--- AVAILABLE RECORDS Enclosed Below ---

theorem mainTheorem8:
  fixes d :: nat and \<eta> \<beta> :: real
  assumes "d \<ge> 2"
  shows "local_positive d (rho d \<eta> \<beta>) \<longleftrightarrow>
    (- 1 / (real d - 1) \<le> \<eta> + \<beta> \<and> \<eta> + \<beta> \<le> 1 \<and>
     - (real d - 1) * \<eta> + \<beta> \<le> 1 \<and>
     \<eta> - (real d - 1) * \<beta> \<le> 1)"
proof -
  let ?G = "rho_form d \<eta> \<beta>"
  have "local_positive d (rho d \<eta> \<beta>) \<longleftrightarrow>
      (0 \<le> ?G 0 0 \<and> 0 \<le> ?G 1 0 \<and> 0 \<le> ?G 0 1 \<and> 0 \<le> ?G 1 1)"
  proof -
    have d: "d > 0" using assms by simp
    note witness_unit = corner_witnesses_unit[OF assms]
      and witness_overlap = corner_witnesses_overlaps[OF assms]
    have necessary: "0 \<le> ?G 0 0 \<and> 0 \<le> ?G 1 0 \<and> 0 \<le> ?G 0 1 \<and> 0 \<le> ?G 1 1"
      if R: "\<forall>\<psi> \<phi>. unit_vector d \<psi> \<longrightarrow> unit_vector d \<phi> \<longrightarrow>
        0 \<le> ?G (herm_overlap d \<psi> \<phi>) (bilin_overlap d \<psi> \<phi>)"
      using R[rule_format, OF witness_unit(1) witness_unit(2)] R[rule_format, OF witness_unit(3) witness_unit(3)]
        R[rule_format, OF witness_unit(3) witness_unit(4)] R[rule_format, OF witness_unit(1) witness_unit(1)]
      unfolding witness_overlap by simp
    have sufficient: "0 \<le> ?G (herm_overlap d \<psi> \<phi>) (bilin_overlap d \<psi> \<phi>)"
      if corners: "0 \<le> ?G 0 0 \<and> 0 \<le> ?G 1 0 \<and> 0 \<le> ?G 0 1 \<and> 0 \<le> ?G 1 1"
        and unit: "unit_vector d \<psi>" "unit_vector d \<phi>" for \<psi> \<phi>
      using overlaps_in_unit_interval[OF unit] by (intro rho_form_nonneg_on_unit_square[OF corners])
    show ?thesis
      unfolding local_positive_rho_iff[OF d]
      by (rule iffI, erule necessary, intro allI impI, erule (2) sufficient)
  qed
  then show ?thesis using rho_form_corners_iff[OF assms] by simp
qed
definition cluster_of :: "('n::finite) env \<Rightarrow> 'n site \<Rightarrow> 'n site set" where
  "cluster_of \<omega> x = {y. (x, y) \<in> (open_adj \<omega>)\<^sup>*}"

definition unique_infinite_cluster :: "('n::finite) env \<Rightarrow> bool" where
  "unique_infinite_cluster \<omega> \<longleftrightarrow> (\<exists>!K. K \<in> range (cluster_of \<omega>) \<and> infinite K)"

text \<open>Vertex set of the infinite cluster (the union of infinite clusters; a.s. the unique one).\<close>
definition inf_cluster :: "('n::finite) env \<Rightarrow> 'n site set" where
  "inf_cluster \<omega> = {x. infinite (cluster_of \<omega> x)}"

definition shift_invariant :: "('n::finite) env measure \<Rightarrow> bool" where
  "shift_invariant Q \<longleftrightarrow> (\<forall>x. shift x \<in> measurable Q Q \<and> distr Q Q (shift x) = Q)"

definition shift_ergodic :: "('n::finite) env measure \<Rightarrow> bool" where
  "shift_ergodic Q \<longleftrightarrow> (\<forall>A \<in> sets Q. (\<forall>x. shift x -` A \<inter> space Q = A) \<longrightarrow>
      prob_space.prob Q A = 0 \<or> prob_space.prob Q A = 1)"

definition mu :: "('n::finite) env measure \<Rightarrow> 'n env measure" where
  "mu Q = density Q (\<lambda>\<omega>. indicator {\<omega>. 0 \<in> inf_cluster \<omega>} \<omega>)"

definition nabla_star :: "(('n::finite) env \<Rightarrow> 'n site \<Rightarrow> real) \<Rightarrow> 'n env \<Rightarrow> real" where
  "nabla_star v \<omega> = (\<Sum>e\<in>unit_dirs. \<omega> {0, e} * (v \<omega> e - v (shift e \<omega>) (- e)))"

end

theory Submission
  imports Defs
begin

text \<open>Testing the hypothesis against \<open>\<psi> \<delta>\<^sub>e\<close> and using stationarity turns it into
  \<open>\<integral> \<psi> \<omega>(0,e) (u \<omega> - u (\<tau>\<^sub>e \<omega>)) dQ = 0\<close> for all bounded continuous \<open>\<psi>\<close>, where \<open>u\<close> is
  extended by \<open>0\<close> off \<open>{0 \<in> \<C>}\<close>. Bounded continuous functions separate integrable densities on a metric space, so
  \<open>u \<circ> \<tau>\<^sub>x\<close> is almost surely constant across every open bond and hence along the whole infinite
  cluster. The sublevel sets of this common value are shift invariant, so by ergodicity each of
  them is null or conull, which forces \<open>u\<close> to be constant \<open>\<mu>\<close>-almost everywhere.\<close>

section \<open>Annihilation by bounded continuous functions\<close>

lemma set_integral_closed_eq_0_if_continuous_annihilates:
  fixes M :: "'a::metric_space measure" and h :: "'a \<Rightarrow> real"
  assumes sets_M: "sets M = sets borel" and h: "integrable M h"
    and annihilates: "\<And>\<psi>. continuous_on UNIV \<psi> \<Longrightarrow> (\<And>x. \<bar>\<psi> x\<bar> \<le> 1) \<Longrightarrow> (\<integral>x. \<psi> x * h x \<partial>M) = 0"
    and F: "closed F"
  shows "(\<integral>x\<in>F. h x \<partial>M) = 0"
proof (cases "F = {}")
  case False
  define cutoff where "cutoff n x = max 0 (1 - real n * infdist x F)" for n x
  have [measurable]: "h \<in> borel_measurable M" "F \<in> sets M"
    using h F sets_M by auto
  have cutoff_cont: "continuous_on UNIV (cutoff n)" for n
    unfolding cutoff_def by (intro continuous_intros)
  then have [measurable]: "cutoff n \<in> borel_measurable M" for n
    using borel_measurable_continuous_onI measurable_cong_sets[OF sets_M refl] by blast
  have cutoff_bounded: "\<bar>cutoff n x\<bar> \<le> 1" for n x
    using infdist_nonneg[of x F] by (simp add: cutoff_def)
  have "(\<lambda>n. cutoff n x) \<longlonglongrightarrow> indicator F x" for x
  proof (cases "x \<in> F")
    case True
    then show ?thesis by (simp add: cutoff_def)
  next
    case False
    then have d: "infdist x F > 0"
      using infdist_pos_not_in_closed[OF F \<open>F \<noteq> {}\<close>] by simp
    obtain N :: nat where N: "1 / infdist x F < real N"
      using reals_Archimedean2 by blast
    have "1 < real n * infdist x F" if "N \<le> n" for n
    proof -
      have "1 / infdist x F < real n"
        using N that by (meson less_le_trans of_nat_le_iff)
      with d show ?thesis by (simp add: field_simps)
    qed
    then have "eventually (\<lambda>n. cutoff n x = indicator F x) sequentially"
      using False unfolding eventually_sequentially cutoff_def by force
    then show ?thesis by (rule tendsto_eventually)
  qed
  then have "(\<lambda>n. \<integral>x. cutoff n x * h x \<partial>M) \<longlonglongrightarrow> (\<integral>x. indicator F x * h x \<partial>M)"
    using cutoff_bounded
    by (intro integral_dominated_convergence[where w="\<lambda>x. \<bar>h x\<bar>"])
       (auto intro!: tendsto_mult h simp: abs_mult mult_left_le_one_le)
  moreover have "(\<integral>x. cutoff n x * h x \<partial>M) = 0" for n
    by (rule annihilates[OF cutoff_cont cutoff_bounded])
  ultimately show ?thesis
    by (simp add: LIMSEQ_const_iff set_lebesgue_integral_def)
qed (simp add: set_lebesgue_integral_def)
locale rise_fun_C3 = rise_fun +
  fixes U2 U3 :: "real \<Rightarrow> real"
  assumes U1_deriv: "\<forall>x\<in>{0..1}. (U1 has_real_derivative U2 x) (at x within {0..1})"
    and U2_deriv: "\<forall>x\<in>{0..1}. (U2 has_real_derivative U3 x) (at x within {0..1})"
begin

lemma U1_deriv_at: "0 < x \<Longrightarrow> x < 1 \<Longrightarrow> DERIV U1 x :> U2 x"
  using U1_deriv at_within_Icc_at[of 0 x 1] by (metis atLeastAtMost_iff less_imp_le)

lemma U2_deriv_at: "0 < x \<Longrightarrow> x < 1 \<Longrightarrow> DERIV U2 x :> U3 x"
  using U2_deriv at_within_Icc_at[of 0 x 1] by (metis atLeastAtMost_iff less_imp_le)

text \<open>The quantity whose monotonicity decides between icpd and dcpd.\<close>
definition k :: "real \<Rightarrow> real" where "k x = U2 x / (U1 x)^2"

lemma k_deriv: assumes "0 < x" "x < 1"
  shows "DERIV k x :> (U3 x - 2 * (U2 x)^2 / U1 x) / (U1 x)^2"
proof -
  have p: "U1 x > 0" using U1_pos assms by simp
  have sq: "DERIV (\<lambda>x. (U1 x)^2) x :> 2 * U1 x * U2 x"
    using DERIV_mult[OF U1_deriv_at U1_deriv_at] assms by (simp add: power2_eq_square algebra_simps)
  have "DERIV (\<lambda>x. U2 x / (U1 x)^2) x
      :> (U3 x * (U1 x)^2 - U2 x * (2 * U1 x * U2 x)) / ((U1 x)^2 * (U1 x)^2)"
    using DERIV_divide[OF U2_deriv_at sq] assms p by simp
  moreover have "(U3 x * (U1 x)^2 - U2 x * (2 * U1 x * U2 x)) / ((U1 x)^2 * (U1 x)^2)
      = (U3 x - 2 * (U2 x)^2 / U1 x) / (U1 x)^2"
    using p by (simp add: field_simps power2_eq_square)
  ultimately show ?thesis unfolding k_def[abs_def] by simp
qed

lemma k_cont: "continuous_on {0..1} k"
proof -
  have "continuous_on {0..1} U2"
    by (rule DERIV_continuous_on[of _ _ U3]) (use U2_deriv in auto)
  thus ?thesis unfolding k_def[abs_def] using U1_pos
    by (intro continuous_on_divide) (auto intro!: continuous_intros continuous_on_subset[OF U1_cont]
        simp: less_imp_neq[symmetric])
qed

lemma k_antitone: assumes h: "\<forall>x\<in>{0..1}. U3 x \<le> 2 * (U2 x)^2 / U1 x"
  and xy: "0 \<le> x" "x \<le> y" "y \<le> 1" shows "k y \<le> k x"
proof (rule DERIV_nonpos_imp_decreasing_open[OF xy(2)])
  fix z assume "x < z" "z < y"
  hence "DERIV k z :> (U3 z - 2 * (U2 z)^2 / U1 z) / (U1 z)^2"
    and "(U3 z - 2 * (U2 z)^2 / U1 z) / (U1 z)^2 \<le> 0"
    using k_deriv[of z] h xy by (auto intro!: divide_nonpos_nonneg)
  thus "\<exists>d. DERIV k z :> d \<and> d \<le> 0" by blast
qed (rule continuous_on_subset[OF k_cont], use xy in auto)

--- End of Enclosed AVAILABLE RECORDS ---

ASSIGNMENT. Among the lines above, find the ones containing "intro" and copy them.

TASK ANSWER.
      using overlaps_in_unit_interval[OF unit] by (intro rho_form_nonneg_on_unit_square[OF corners])
      by (rule iffI, erule necessary, intro allI impI, erule (2) sufficient)
    unfolding cutoff_def by (intro continuous_intros)
    by (intro integral_dominated_convergence[where w="\<lambda>x. \<bar>h x\<bar>"])
       (auto intro!: tendsto_mult h simp: abs_mult mult_left_le_one_le)
    by (intro continuous_on_divide) (auto intro!: continuous_intros continuous_on_subset[OF U1_cont]
    using k_deriv[of z] h xy by (auto intro!: divide_nonpos_nonneg)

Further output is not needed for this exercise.